投稿者 FP親衛隊国家保安本部 日時 2001 年 11 月 09 日 16:28:15:
金融庁から早期是正を受けて経営再建中だった宮城県中央信用組合(本店仙台市、我妻正和理事長)は9日、自主再建を断念し、預金保険法に基づき破たん処理を同庁に申請する方針を固めた。担保不動産の下落などで不良債権が増加し、8月末時点で債務超過の状態に陥ったとみられる。
東北では同日、岩手信用組合(本店大船渡市、佐藤一男理事長)も自主再建を断念し、破たん申請の方針を決めた。金融庁は同日中にも両信組の破たんを認定し、金融整理管財人を派遣して破たん処理や受け皿探しを進める。
宮城県中央信組は12日以降も営業を継続する。預金は全額保護される。預金、貸出金の譲渡先は地元信用金庫などを中心に検討される見通しだ。
預金保険法に基づいて破たん処理されるのは、朝鮮民主主義人民共和国(北朝鮮)系の朝銀宮城信組(仙台市)などを除いた地域信組では、東北で初めて。金融庁によると、今年、同庁に破たん処理を申請した金融機関は、全国で信用金庫と信組合わせて20(うち民族系は3組合)ある。
宮城県中央信組は昨年3月期末の自己資本比率が国内基準の4%を下回る3.63%となったため、金融庁から早期是正措置を発動され、出資金の増額などを柱とする経営改善計画を同庁に提出した。

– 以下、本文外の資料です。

lemma dominion_card_le_1_empty:
  assumes game: "parity_game g" and sg: "subgame g G" and dom: "dominion g P D G" and "card D \<le> 1"
  shows "D = {}"
proof (rule ccontr)
  assume "D \<noteq> {}"
  moreover have "finite D" using dominion_finite[OF game sg dom] .
  ultimately obtain x where D: "D = {x}" using \<open>card D \<le> 1\<close> by (metis card_0_eq card_1_singletonE le_antisym less_one not_le)
  have T: "trap g P {x} G" using dominion_imp_trap[OF sg dom] D by simp
  have "(x, x) \<in> edges g"
  proof (cases "owns g P x")
    case True
    then show ?thesis using T by (auto simp: trap_def)
  next
    case False
    obtain w where "w \<in> G" "(x, w) \<in> edges g" using subgame_successor[OF sg] T by (auto simp: trap_def)
    then show ?thesis using T False by (auto simp: trap_def)
  qed
  then show False using game by (simp add: parity_game_def)
qed

section \<open>Dominions avoiding the attractor of the top priority\<close>

lemma inf_max_prio_eqI:
  assumes fin: "finite K" and inK: "\<forall>i. \<rho> i \<in> K" and le: "\<forall>v\<in>K. prio g v \<le> d"
    and inf: "infinite {i. prio g (\<rho> i) = d}"
  shows "inf_max_prio g \<rho> = d"
proof -
  let ?M = "{prio g v | v. infinite {i. \<rho> i = v}}"
  have "{i. prio g (\<rho> i) = d} = (\<Union>v\<in>{v\<in>K. prio g v = d}. {i. \<rho> i = v})" using inK by blast
  then obtain v where v: "prio g v = d" "infinite {i. \<rho> i = v}" using inf fin by auto
  have M: "?M \<subseteq> prio g ` K"
  proof
    fix x assume "x \<in> ?M"
    then obtain w where "x = prio g w" "infinite {i. \<rho> i = w}" by blast
    then show "x \<in> prio g ` K" using inK not_finite_existsD by fastforce
  qed
  have "finite ?M" using finite_subset[OF M] fin by blast
  then have "Max ?M = d"
    by (rule Max_eqI) (use M le v in auto)
  then show ?thesis unfolding inf_max_prio_def .
qed

lemma consistent_path_extend:
  assumes sg: "subgame g K" and \<sigma>: "strategy g P K \<sigma>" and h: "consistent_path g K P \<sigma> h"
  shows "consistent_path g K P \<sigma> (h @ [legalize g K \<sigma> h])"
proof -
  have h': "h \<noteq> []" "set h \<subseteq> K" using h by (auto simp: consistent_path_def)
  then have "\<exists>w\<in>K. (last h, w) \<in> edges g" using subgame_successor[OF sg] last_in_set by blast
  then show ?thesis
    using legalize_move[of K h g \<sigma>] legalize_strategy[OF sg \<sigma> h']
    by (intro consistent_path_snoc[OF h]) auto
qed

lemma consistent_path_reaches_attractor_target:
  assumes sg: "subgame g K" and \<tau>: "strategy g Q K \<tau>" and h: "consistent_path g K Q \<tau> h"
    and A: "last h \<in> attractor g (opp Q) N K"
  shows "\<exists>ys. consistent_path g K Q \<tau> (h @ ys) \<and> last (h @ ys) \<in> N"
  using A h
proof (induction "last h" arbitrary: h rule: attractor.induct)
  case base
  then show ?case by (intro exI[of _ "[]"]) simp
next
  case (own w h)
  have "\<not> owns g Q (last h)"
    using own.hyps(1,2) subgame_verts[OF sg] owns_opp[of "last h" g Q] by auto
  then have "consistent_path g K Q \<tau> (h @ [w])"
    using own.hyps own.prems by (intro consistent_path_snoc) auto
  then obtain ys where "consistent_path g K Q \<tau> (h @ [w] @ ys)" "last (h @ [w] @ ys) \<in> N"
    using own(6)[of "h @ [w]"] by auto
  then show ?case by (intro exI[of _ "[w] @ ys"]) simp
next
  case (other h)
  have own: "owns g Q (last h)"
    using other.hyps(1,2) subgame_verts[OF sg] owns_opp[of "last h" g Q] by auto
  have "h \<noteq> []" "set h \<subseteq> K" using other.prems by (auto simp: consistent_path_def)
  then have w: "\<tau> h \<in> K" "(last h, \<tau> h) \<in> edges g" using strategy_move[OF sg \<tau>] own by auto
  then have path: "consistent_path g K Q \<tau> (h @ [\<tau> h])"
    using other.prems by (intro consistent_path_snoc) auto
  have IH: "\<forall>x. \<tau> h = last x \<longrightarrow> consistent_path g K Q \<tau> x \<longrightarrow>
      (\<exists>ys. consistent_path g K Q \<tau> (x @ ys) \<and> last (x @ ys) \<in> N)"
    using other(3) w by blast
  obtain ys where "consistent_path g K Q \<tau> (h @ [\<tau> h] @ ys)" "last (h @ [\<tau> h] @ ys) \<in> N"
    using IH[rule_format, of "h @ [\<tau> h]"] path by (metis append.assoc last_snoc)
  then show ?case by (intro exI[of _ "[\<tau> h] @ ys"]) simp
qed

lemma infinite_extension_chain:
  assumes start: "h0 \<in> T" "h0 \<noteq> []" and take: "\<And>h n. h \<in> T \<Longrightarrow> 0 < n \<Longrightarrow> take n h \<in> T"
    and extend: "\<And>h. h \<in> T \<Longrightarrow> \<exists>ys. ys \<noteq> [] \<and> h @ ys \<in> T \<and> Q (last (h @ ys))"
  obtains \<rho> where "\<And>n. map \<rho> [0..<Suc n] \<in> T" "infinite {i. Q (\<rho> i)}"
proof -
  define next_ext where "next_ext h = h @ (SOME ys. ys \<noteq> [] \<and> h @ ys \<in> T \<and> Q (last (h @ ys)))" for h
  have next_ext: "\<exists>ys. next_ext h = h @ ys \<and> length h < length (next_ext h) \<and> next_ext h \<in> T
      \<and> Q (last (next_ext h))" if "h \<in> T" for h
    using someI_ex[OF extend[OF that]] unfolding next_ext_def by auto
  define chain where "chain n = (next_ext ^^ n) h0" for n
  have chain_Suc: "chain (Suc n) = next_ext (chain n)" for n by (simp add: chain_def)
  have inT: "chain n \<in> T" for n
    by (induction n) (use start(1) next_ext in \<open>auto simp: chain_def\<close>)
  have long: "n < length (chain n)" for n
  proof (induction n)
    case 0 show ?case using start(2) by (simp add: chain_def)
  next
    case (Suc n) then show ?case using next_ext[OF inT[of n]] chain_Suc[of n] by auto
  qed
  have prefix: "\<exists>ys. chain m = chain n @ ys" if "n \<le> m" for n m
    using that
  proof (induction m)
    case (Suc m)
    then show ?case
      using next_ext[OF inT[of m]] chain_Suc[of m] by (cases "n = Suc m") (auto simp: le_Suc_eq)
  qed simp
  define \<rho> where "\<rho> i = chain i ! i" for i
  have \<rho>: "\<rho> j = chain n ! j" if "j < length (chain n)" for j n
  proof (cases "j \<le> n")
    case True
    then obtain ys where "chain n = chain j @ ys" using prefix by blast
    then show ?thesis using long[of j] by (simp add: \<rho>_def nth_append)
  next
    case False
    then obtain ys where "chain j = chain n @ ys" using prefix[of n j] by auto
    then show ?thesis using that by (simp add: \<rho>_def nth_append)
  qed
  have "map \<rho> [0..<Suc n] = take (Suc n) (chain n)" for n
    by (rule nth_equalityI) (use long[of n] \<rho> in \<open>auto simp del: upt_Suc\<close>)
  then have "map \<rho> [0..<Suc n] \<in> T" for n using take[OF inT] by simp
  moreover have "infinite {i. Q (\<rho> i)}" unfolding infinite_nat_iff_unbounded
  proof
    fix m
    let ?i = "length (chain (Suc m)) - 1"
    have "chain (Suc m) \<noteq> []" using long[of "Suc m"] by auto
    then have "\<rho> ?i = last (chain (Suc m))" using \<rho>[of ?i "Suc m"] by (simp add: last_conv_nth)
    moreover have "Q (last (chain (Suc m)))" using next_ext[OF inT[of m]] chain_Suc[of m] by simp
    moreover have "m < ?i" using long[of "Suc m"] by simp
    ultimately show "\<exists>n>m. n \<in> {i. Q (\<rho> i)}" by auto
  qed
  ultimately show ?thesis using that by blast
qed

出資金の増額運動は、目標の8000万円を上回る1億300万円分を確保し、資本金は今年3月期末で5億7600万円に増えた。
しかし、不良債権処理額が総額4億7000万円に膨らみ、今年3月期末の自己資本比率は2.39%に下がった。同期決算は経常損失が3億5000万円と2期連続の赤字となった。
本年度に入って不良債権は拡大、今年8月末時点で約76億円に膨らみ、債務超過に転落したとみられる。預金残高は10月末で約325億5200万円、貸出金残高は約234億5800万円。
<取引先に申し訳ない/我妻正和理事長の話>
不良債権処理を今後も続ける体力はなく、自主再建を断念せざるを得ない。不況の中で身を切る思いで経営を続ける取引先に、申し訳ない。今後の処理に言及する立場にないが、受け入れが円滑に進むことを願う。
<宮城県中央信用組合>
1953年仙台商工信用組合として青葉区二日町で創立。本店所在地は仙台市宮城野区小田原1の4の31。85年東北信用組合、仙台市場信用組合と合併し、現在の名称になった。88年には仙台食糧信用組合を合併。本店のほか2日町、原町、長町、青葉通、福田町、泉、市場、つつじが岡の8支店。従業員約100人。組合員は2001年3月末時点で個人1万1425人、法人1518。
<信用組合>
1949年施行の中小企業等協同組合法に基づいた組合組織の中小企業金融機関。51年の信用金庫法制定で金融機関的側面の強い組合が信用金庫に改組され、協同組合的色彩が濃い機関が信用組合として残った。信用金庫に比べて組合員以外からの預金、貸出金が厳しく制限されている。監督指導権限は2000年4月、都道府県から金融庁に委任された。